Medical Ethics PHIL 148 @ Binghamton University, Sum 11

22Jun/1129

Case Study: Health Care & Justice (Utilitarianism)

Defined by the ethical implications of the concept “majority rules,” utilitarianism offers a form of justice that stands for the “actions that maximizes the overall good” of any situation. In this case we are presented with a 25 year old lady who is said to be suffering from a condition called Crohns diseases. The effects of this illness, as a result of her bad eating and lifestyle habits, have landed her in the hospital where she is informed of another devastating news. It appears that Maddy also has kidney stones and that is what is responsible for her abdominal pain. Aware of her options, Maddy is now faced with a decision that could result in a drastic change in her life. Does she adhere to the doctor’s advice or does she follow her own?

A utilitarian reading this case study would rather she follow the latter (in following her own judgment)! Should she decide to fulfill the latter in going forth with her own judgment, Mandy would surely be relieving herself as well as the healthcare system of any “burden.”Because she is medically uninsured, Maddy would have had to pay for all medical expenses including the medical surgical procedure herself.  As you can see, this is trouble for someone who is seriously ill and currently earning very little. Proposing to not go through with the surgery procedure from a utilitarian point of view would, therefore, prevent this dilemma and would even save her from the excess stress (stress that can only worsen her current condition). Condoning this act will also benefit the health care system in the sense that it wouldn’t be forced to cover the expenses that Maddy fails to pay. In the end this works out for the greatest good in the sense of having satisfied both parties. The health system would be protected from the burdens of “payment” while Maddy, in addition to this, would also be spared a stressful lifestyle following the surgery (the stress would come from trying to figure out the payment situation).

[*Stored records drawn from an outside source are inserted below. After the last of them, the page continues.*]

lemma F2_lipschitz_measurable:
  assumes mm: "mm_space T d m" and F: "F \<in> F2"
    and lip: "\<And>y y'. y \<in> T \<Longrightarrow> y' \<in> T \<Longrightarrow> \<bar>g y - g y'\<bar> \<le> F 0 (d y y')"
  shows "g \<in> borel_measurable m"
proof (rule mm_space_borel_measurable_continuous[OF mm])
  interpret Metric_space T d by (rule mm_space_Metric_space[OF mm])
  fix y and e :: real assume y: "y \<in> T" and e: "0 < e"
  have "((\<lambda>t. F 0 t) \<longlongrightarrow> F 0 0) (at_right 0)"
    by (intro F2_tendsto[OF F] tendsto_intros)
      (auto intro: eventually_mono[OF eventually_at_right_less[of "0::real"]])
  then obtain \<delta> where \<delta>: "0 < \<delta>" "\<And>t. 0 < t \<Longrightarrow> t < \<delta> \<Longrightarrow> \<bar>F 0 t\<bar> < e"
    using e by (auto simp: tendsto_iff eventually_at_right_field dist_real_def F2_zero[OF F])
  have "\<bar>g y' - g y\<bar> < e" if "y' \<in> T" "d y y' < \<delta>" for y'
  proof -
    have "F 0 (d y y') < e"
      using \<delta>(2)[of "d y y'"] nonneg[of y y'] that e
      by (cases "d y y' = 0") (auto simp: F2_zero[OF F])
    with lip[OF y that(1)] show ?thesis
      by (simp add: abs_minus_commute)
  qed
  with \<delta>(1) show "\<exists>\<delta>>0. \<forall>y'\<in>T. d y y' < \<delta> \<longrightarrow> \<bar>g y' - g y\<bar> < e"
    by blast
qed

Some may argue that Maddy’s need for surgery outweighs the effects of the cost on her life or the health care system but a utilitarian may argue the opposite.  Stress, indirectly, played a major role in the “worsening” of Maddy’s condition when she had to juggle between a job and school. If she decides to go through with the surgery, Maddy stands the possibility of being “stressed out” again and that can cause her to be in a state that is far worse than where she currently is right now.

At this point, the only sound resolution would be to get an insurance. She should speak to her physician or someone else that she trusts about finding an insurance policy that is just right for her. OR she can work out some kind of arrangement with her physician; say… to pay of the medical bills in small increments every week or month until it is all paid off although, I’m not so sure how that would work out or if it’s even possible at all. However, proceeding to follow one of the three suggested options about Maddy’s condition will be sure to grant her the best possible care, in the eyes of utilitarian laws.

 

What other alternatives from you assigned prospective can you provide for Maddy in this case?